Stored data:
********

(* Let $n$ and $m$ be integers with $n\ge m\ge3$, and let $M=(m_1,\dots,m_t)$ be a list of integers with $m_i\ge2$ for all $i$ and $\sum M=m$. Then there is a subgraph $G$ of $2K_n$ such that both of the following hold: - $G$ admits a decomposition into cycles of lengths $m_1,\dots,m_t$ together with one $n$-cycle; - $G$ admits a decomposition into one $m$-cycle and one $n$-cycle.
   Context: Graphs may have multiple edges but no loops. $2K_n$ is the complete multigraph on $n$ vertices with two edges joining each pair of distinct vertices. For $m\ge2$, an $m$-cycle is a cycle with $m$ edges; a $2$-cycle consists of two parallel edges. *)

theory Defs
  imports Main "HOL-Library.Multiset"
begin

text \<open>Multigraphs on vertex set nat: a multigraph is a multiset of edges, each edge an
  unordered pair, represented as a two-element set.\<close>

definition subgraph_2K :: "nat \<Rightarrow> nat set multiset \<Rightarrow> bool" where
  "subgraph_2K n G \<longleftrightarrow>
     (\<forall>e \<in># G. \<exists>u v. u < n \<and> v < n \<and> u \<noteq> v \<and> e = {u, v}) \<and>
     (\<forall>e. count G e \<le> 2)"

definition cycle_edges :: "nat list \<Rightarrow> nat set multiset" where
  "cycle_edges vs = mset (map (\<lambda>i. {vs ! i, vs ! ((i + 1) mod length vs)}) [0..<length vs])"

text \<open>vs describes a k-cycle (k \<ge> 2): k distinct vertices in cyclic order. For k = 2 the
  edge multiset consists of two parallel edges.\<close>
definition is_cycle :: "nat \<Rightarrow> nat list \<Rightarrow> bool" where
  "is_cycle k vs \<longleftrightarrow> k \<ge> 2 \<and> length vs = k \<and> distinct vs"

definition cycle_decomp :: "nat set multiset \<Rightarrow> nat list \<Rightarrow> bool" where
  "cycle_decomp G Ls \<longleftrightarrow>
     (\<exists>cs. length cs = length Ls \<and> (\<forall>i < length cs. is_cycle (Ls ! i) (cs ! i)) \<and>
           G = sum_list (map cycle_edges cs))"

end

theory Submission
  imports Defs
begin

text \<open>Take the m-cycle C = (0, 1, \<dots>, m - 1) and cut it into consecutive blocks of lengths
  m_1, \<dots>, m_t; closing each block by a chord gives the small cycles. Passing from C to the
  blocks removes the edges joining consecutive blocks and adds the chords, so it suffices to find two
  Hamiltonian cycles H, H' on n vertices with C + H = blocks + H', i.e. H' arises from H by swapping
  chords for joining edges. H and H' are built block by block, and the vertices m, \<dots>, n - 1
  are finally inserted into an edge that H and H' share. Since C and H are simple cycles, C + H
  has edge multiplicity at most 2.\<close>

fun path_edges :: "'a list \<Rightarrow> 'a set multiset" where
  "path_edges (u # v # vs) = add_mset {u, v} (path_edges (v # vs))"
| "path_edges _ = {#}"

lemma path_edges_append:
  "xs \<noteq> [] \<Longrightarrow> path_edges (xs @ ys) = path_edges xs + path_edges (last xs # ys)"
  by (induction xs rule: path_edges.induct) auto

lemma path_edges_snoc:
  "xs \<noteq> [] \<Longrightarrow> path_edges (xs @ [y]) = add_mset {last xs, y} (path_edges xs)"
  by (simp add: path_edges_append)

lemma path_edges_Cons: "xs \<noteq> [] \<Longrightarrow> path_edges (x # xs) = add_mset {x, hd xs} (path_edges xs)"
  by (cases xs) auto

********

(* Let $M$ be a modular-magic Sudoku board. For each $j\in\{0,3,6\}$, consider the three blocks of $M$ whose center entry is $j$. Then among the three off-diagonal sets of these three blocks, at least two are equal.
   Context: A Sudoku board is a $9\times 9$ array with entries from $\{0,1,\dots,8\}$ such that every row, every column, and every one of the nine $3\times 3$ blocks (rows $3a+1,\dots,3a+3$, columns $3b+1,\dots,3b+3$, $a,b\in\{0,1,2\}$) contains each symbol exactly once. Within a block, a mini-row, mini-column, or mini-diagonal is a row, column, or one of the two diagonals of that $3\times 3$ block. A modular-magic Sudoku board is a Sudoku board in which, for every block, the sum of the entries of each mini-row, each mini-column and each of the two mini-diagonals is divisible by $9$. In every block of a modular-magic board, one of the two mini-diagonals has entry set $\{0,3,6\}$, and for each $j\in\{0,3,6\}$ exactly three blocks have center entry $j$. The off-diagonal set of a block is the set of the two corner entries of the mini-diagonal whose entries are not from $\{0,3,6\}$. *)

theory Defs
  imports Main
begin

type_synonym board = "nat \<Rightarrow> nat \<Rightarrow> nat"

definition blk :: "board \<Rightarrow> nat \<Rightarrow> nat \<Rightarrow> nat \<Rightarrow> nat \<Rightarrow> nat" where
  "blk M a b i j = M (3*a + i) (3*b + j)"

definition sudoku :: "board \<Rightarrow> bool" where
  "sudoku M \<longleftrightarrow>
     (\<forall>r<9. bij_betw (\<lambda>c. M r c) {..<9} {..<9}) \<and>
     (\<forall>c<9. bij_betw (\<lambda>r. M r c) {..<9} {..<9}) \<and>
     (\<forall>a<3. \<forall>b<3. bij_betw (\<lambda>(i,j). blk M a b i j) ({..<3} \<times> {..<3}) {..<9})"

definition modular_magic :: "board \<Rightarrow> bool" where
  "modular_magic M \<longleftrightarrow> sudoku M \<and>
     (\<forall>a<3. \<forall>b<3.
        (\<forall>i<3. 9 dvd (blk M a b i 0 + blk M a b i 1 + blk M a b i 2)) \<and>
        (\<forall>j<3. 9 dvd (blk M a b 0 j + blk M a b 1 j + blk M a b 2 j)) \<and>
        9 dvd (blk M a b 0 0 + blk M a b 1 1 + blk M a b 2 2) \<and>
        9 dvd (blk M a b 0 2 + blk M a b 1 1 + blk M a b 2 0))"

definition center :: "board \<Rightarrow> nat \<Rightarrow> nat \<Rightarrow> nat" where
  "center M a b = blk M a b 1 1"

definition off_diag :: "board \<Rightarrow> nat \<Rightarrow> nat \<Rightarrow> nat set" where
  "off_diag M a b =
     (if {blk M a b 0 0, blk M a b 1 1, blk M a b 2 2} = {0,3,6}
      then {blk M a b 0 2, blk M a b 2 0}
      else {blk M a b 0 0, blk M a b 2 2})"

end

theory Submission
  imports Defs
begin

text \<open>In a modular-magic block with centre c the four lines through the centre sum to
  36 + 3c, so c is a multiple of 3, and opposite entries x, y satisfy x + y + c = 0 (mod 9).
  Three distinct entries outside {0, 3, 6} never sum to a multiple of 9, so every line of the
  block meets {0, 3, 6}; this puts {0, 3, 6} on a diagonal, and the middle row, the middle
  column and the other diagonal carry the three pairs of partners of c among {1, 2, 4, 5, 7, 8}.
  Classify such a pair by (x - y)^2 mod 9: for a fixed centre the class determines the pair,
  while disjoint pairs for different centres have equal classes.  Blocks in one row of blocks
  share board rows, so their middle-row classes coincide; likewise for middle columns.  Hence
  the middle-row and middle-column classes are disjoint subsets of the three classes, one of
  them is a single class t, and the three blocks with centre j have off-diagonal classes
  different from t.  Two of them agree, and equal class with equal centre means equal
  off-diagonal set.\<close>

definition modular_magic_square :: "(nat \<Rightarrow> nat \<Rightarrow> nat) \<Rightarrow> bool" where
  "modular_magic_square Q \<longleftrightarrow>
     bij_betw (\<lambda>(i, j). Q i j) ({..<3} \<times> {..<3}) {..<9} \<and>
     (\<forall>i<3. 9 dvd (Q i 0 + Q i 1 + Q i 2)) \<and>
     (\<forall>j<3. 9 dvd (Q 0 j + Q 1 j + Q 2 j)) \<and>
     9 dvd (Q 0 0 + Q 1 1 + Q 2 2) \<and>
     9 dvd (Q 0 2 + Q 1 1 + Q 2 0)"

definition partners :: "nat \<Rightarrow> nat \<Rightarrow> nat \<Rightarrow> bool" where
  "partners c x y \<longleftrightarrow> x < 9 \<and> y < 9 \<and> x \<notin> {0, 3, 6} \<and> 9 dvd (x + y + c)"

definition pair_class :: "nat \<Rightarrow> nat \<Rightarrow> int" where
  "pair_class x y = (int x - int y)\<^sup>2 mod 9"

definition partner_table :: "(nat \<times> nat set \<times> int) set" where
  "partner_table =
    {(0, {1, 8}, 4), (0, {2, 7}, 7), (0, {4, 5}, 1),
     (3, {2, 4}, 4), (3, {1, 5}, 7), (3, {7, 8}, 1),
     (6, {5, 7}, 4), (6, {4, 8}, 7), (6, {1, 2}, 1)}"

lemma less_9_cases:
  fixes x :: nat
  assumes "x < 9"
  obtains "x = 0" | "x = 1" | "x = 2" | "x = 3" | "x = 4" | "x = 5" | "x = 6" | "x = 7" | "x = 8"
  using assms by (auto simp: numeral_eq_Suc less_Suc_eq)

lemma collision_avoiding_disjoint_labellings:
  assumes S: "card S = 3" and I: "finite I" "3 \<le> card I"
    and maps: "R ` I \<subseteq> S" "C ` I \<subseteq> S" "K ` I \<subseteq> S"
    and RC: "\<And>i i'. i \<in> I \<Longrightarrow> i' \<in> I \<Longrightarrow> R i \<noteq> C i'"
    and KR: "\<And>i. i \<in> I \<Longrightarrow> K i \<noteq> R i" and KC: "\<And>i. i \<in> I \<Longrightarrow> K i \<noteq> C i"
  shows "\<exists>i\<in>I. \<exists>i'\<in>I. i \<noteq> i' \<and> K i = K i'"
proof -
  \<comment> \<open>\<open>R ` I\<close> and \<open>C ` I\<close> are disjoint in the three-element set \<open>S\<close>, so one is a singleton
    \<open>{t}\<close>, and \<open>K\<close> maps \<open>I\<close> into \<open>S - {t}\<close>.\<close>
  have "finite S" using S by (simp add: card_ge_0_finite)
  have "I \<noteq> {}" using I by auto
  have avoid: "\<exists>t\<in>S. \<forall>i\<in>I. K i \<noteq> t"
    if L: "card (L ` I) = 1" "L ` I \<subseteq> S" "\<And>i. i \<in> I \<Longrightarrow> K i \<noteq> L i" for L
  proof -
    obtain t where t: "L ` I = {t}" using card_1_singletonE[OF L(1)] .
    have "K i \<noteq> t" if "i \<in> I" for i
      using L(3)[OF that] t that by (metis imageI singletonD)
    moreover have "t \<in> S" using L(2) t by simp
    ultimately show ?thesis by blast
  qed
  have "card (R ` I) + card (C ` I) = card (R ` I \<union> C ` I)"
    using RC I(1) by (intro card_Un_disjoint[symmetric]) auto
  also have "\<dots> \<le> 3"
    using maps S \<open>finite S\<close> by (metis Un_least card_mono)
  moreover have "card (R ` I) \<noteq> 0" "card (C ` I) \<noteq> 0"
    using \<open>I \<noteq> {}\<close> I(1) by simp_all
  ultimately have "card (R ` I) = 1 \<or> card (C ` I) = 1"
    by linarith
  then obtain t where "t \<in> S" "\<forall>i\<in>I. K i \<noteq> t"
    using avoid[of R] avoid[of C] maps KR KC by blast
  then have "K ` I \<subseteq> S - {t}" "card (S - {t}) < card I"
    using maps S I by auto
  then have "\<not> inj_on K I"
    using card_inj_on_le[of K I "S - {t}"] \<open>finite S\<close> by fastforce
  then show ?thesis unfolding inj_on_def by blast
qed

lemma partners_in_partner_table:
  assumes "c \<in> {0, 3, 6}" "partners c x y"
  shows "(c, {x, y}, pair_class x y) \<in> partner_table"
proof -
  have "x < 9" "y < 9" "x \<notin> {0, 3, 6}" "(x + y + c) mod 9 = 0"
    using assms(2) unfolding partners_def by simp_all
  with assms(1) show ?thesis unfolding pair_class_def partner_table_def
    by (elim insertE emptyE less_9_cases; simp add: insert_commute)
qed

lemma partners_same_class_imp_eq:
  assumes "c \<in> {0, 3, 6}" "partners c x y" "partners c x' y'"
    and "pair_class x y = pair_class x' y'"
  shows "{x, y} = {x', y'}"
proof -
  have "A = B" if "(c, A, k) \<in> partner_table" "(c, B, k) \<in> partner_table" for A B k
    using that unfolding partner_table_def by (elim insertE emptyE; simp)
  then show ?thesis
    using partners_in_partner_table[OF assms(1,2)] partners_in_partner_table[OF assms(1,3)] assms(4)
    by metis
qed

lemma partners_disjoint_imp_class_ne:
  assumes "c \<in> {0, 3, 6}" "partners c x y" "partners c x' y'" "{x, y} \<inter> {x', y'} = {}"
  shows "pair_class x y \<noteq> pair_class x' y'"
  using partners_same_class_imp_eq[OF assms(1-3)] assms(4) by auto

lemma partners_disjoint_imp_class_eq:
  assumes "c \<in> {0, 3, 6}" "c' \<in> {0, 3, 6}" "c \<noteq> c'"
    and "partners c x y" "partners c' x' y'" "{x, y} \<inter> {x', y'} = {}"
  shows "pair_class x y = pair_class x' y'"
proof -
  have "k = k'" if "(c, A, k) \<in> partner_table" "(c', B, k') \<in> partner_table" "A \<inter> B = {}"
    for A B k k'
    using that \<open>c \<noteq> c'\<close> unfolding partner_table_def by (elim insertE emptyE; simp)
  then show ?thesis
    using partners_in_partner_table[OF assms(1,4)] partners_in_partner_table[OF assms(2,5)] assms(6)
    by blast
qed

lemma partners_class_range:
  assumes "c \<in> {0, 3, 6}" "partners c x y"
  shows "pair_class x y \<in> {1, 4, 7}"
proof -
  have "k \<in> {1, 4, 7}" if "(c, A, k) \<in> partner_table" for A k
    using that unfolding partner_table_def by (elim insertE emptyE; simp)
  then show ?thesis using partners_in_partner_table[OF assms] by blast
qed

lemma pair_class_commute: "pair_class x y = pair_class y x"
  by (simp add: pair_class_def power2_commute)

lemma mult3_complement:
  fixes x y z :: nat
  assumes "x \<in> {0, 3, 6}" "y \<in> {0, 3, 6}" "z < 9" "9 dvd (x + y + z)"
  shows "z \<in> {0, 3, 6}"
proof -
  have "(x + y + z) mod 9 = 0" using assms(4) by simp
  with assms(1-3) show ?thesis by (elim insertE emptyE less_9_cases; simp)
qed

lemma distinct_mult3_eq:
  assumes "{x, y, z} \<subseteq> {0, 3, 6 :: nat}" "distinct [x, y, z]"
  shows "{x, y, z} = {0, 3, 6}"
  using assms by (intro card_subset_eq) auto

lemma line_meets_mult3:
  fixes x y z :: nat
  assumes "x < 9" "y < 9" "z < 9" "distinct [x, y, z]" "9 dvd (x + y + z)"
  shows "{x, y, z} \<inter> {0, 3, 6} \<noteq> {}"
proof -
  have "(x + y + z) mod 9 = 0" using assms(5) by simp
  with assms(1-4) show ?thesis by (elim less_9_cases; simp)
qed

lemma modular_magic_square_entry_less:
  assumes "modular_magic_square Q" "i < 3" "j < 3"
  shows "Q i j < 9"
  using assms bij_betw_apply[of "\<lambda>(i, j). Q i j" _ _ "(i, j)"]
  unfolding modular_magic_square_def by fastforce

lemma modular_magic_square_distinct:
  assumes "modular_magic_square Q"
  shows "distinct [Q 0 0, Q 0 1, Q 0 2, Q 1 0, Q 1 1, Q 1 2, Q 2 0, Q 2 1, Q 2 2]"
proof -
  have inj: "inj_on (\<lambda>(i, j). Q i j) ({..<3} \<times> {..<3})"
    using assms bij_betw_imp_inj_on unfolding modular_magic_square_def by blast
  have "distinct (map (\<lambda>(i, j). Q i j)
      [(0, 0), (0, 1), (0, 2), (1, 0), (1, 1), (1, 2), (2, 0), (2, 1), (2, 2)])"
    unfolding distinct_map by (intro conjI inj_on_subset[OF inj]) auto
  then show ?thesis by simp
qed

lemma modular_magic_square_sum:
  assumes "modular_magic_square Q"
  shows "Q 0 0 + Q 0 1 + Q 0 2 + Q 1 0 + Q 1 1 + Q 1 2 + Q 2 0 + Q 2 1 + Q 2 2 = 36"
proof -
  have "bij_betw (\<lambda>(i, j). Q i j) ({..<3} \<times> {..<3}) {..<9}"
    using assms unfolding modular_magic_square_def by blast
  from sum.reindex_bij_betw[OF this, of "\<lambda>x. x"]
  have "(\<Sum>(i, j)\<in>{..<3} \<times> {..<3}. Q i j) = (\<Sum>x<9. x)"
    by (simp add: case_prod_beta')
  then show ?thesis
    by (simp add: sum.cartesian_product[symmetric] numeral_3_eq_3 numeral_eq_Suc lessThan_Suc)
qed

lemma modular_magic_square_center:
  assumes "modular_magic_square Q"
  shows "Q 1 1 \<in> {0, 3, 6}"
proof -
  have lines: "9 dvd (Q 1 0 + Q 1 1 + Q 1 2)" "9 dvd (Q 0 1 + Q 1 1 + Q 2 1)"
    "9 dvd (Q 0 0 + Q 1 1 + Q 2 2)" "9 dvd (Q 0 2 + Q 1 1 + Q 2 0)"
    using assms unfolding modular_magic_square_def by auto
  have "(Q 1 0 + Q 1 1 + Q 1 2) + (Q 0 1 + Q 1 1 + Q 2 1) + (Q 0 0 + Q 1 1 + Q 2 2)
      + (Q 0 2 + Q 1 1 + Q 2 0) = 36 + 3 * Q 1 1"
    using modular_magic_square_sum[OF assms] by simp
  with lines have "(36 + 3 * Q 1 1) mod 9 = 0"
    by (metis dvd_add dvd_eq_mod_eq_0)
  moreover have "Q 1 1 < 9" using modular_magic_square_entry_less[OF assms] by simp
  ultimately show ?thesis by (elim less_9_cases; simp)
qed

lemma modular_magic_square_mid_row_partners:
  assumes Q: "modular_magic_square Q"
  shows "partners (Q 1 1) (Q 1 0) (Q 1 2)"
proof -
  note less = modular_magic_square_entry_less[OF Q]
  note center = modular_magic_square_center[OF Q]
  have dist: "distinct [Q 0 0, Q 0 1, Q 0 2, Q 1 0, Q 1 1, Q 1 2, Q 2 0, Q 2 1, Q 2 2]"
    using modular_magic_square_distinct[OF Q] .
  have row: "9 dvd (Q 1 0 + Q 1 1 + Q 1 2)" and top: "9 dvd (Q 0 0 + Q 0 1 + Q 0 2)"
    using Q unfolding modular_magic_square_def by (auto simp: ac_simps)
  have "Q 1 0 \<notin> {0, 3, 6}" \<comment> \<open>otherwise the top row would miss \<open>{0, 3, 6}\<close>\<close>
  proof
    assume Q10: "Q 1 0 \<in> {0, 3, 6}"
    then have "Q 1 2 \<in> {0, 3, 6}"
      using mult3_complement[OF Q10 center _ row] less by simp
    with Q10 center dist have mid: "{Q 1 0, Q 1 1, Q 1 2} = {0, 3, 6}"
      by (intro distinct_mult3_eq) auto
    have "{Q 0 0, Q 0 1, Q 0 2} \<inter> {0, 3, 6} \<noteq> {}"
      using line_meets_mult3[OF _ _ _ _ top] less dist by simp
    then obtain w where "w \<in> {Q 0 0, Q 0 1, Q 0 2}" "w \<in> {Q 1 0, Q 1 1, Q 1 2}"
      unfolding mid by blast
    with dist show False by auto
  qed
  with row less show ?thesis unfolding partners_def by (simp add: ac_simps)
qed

********

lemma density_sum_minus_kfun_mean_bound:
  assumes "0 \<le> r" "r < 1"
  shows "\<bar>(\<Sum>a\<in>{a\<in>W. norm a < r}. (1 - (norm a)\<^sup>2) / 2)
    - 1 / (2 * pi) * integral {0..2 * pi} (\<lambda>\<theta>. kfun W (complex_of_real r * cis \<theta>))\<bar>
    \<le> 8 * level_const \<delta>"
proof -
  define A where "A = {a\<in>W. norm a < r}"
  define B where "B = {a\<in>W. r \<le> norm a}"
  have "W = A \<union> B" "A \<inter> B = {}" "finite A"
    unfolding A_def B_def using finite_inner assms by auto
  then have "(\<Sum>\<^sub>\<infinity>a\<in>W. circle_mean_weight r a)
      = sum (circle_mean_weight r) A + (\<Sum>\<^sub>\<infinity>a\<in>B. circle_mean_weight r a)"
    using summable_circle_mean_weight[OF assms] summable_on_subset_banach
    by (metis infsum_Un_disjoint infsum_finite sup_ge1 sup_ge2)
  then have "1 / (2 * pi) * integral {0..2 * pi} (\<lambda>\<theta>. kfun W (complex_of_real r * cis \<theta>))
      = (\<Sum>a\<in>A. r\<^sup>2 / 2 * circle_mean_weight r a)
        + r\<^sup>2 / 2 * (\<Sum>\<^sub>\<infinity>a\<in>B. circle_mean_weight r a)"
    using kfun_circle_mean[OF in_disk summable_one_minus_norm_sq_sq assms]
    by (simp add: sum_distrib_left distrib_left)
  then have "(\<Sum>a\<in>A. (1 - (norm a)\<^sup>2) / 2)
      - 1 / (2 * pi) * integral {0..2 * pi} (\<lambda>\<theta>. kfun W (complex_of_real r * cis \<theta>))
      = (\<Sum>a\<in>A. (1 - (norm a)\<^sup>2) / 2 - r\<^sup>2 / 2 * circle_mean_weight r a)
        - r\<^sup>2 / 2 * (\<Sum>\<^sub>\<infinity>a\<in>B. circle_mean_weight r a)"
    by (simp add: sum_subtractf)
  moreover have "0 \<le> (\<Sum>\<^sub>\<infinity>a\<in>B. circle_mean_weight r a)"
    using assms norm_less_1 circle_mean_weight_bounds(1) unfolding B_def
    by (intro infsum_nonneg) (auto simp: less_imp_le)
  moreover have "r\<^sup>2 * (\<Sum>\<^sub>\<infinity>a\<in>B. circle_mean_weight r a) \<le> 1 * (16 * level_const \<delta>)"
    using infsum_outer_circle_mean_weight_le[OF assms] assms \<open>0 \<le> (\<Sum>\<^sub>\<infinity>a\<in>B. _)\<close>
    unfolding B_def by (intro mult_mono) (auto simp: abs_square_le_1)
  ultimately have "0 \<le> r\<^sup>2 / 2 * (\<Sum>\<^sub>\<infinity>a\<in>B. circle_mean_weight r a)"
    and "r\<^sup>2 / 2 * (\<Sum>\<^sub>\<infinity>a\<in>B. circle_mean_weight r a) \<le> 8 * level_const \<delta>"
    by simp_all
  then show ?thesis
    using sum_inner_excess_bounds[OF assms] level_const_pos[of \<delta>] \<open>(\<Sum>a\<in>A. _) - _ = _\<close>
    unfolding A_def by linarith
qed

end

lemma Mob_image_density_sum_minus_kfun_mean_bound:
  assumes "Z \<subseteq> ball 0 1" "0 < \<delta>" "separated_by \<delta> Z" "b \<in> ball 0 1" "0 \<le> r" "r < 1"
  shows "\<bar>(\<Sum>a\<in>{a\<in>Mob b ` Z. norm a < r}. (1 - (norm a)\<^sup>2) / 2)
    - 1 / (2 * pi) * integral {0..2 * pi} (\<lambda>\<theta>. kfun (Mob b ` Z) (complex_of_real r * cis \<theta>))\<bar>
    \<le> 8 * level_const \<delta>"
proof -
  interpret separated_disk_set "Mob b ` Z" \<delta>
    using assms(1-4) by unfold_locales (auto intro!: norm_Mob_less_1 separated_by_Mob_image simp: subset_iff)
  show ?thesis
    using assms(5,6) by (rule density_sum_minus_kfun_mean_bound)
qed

********

WHAT THE TASK ASKS: Please give an exact copy of the entries above, from the line with "using assms by (intro card_subset_eq) auto" down to the line with "using assms unfolding modular_magic_square_def by blast", inclusive, and nothing else.

ANSWER AREA:
  using assms by (intro card_subset_eq) auto

lemma line_meets_mult3:
  fixes x y z :: nat
  assumes "x < 9" "y < 9" "z < 9" "distinct [x, y, z]" "9 dvd (x + y + z)"
  shows "{x, y, z} \<inter> {0, 3, 6} \<noteq> {}"
proof -
  have "(x + y + z) mod 9 = 0" using assms(5) by simp
  with assms(1-4) show ?thesis by (elim less_9_cases; simp)
qed

lemma modular_magic_square_entry_less:
  assumes "modular_magic_square Q" "i < 3" "j < 3"
  shows "Q i j < 9"
  using assms bij_betw_apply[of "\<lambda>(i, j). Q i j" _ _ "(i, j)"]
  unfolding modular_magic_square_def by fastforce

lemma modular_magic_square_distinct:
  assumes "modular_magic_square Q"
  shows "distinct [Q 0 0, Q 0 1, Q 0 2, Q 1 0, Q 1 1, Q 1 2, Q 2 0, Q 2 1, Q 2 2]"
proof -
  have inj: "inj_on (\<lambda>(i, j). Q i j) ({..<3} \<times> {..<3})"
    using assms bij_betw_imp_inj_on unfolding modular_magic_square_def by blast
  have "distinct (map (\<lambda>(i, j). Q i j)
      [(0, 0), (0, 1), (0, 2), (1, 0), (1, 1), (1, 2), (2, 0), (2, 1), (2, 2)])"
    unfolding distinct_map by (intro conjI inj_on_subset[OF inj]) auto
  then show ?thesis by simp
qed

lemma modular_magic_square_sum:
  assumes "modular_magic_square Q"
  shows "Q 0 0 + Q 0 1 + Q 0 2 + Q 1 0 + Q 1 1 + Q 1 2 + Q 2 0 + Q 2 1 + Q 2 2 = 36"
proof -
  have "bij_betw (\<lambda>(i, j). Q i j) ({..<3} \<times> {..<3}) {..<9}"
    using assms unfolding modular_magic_square_def by blast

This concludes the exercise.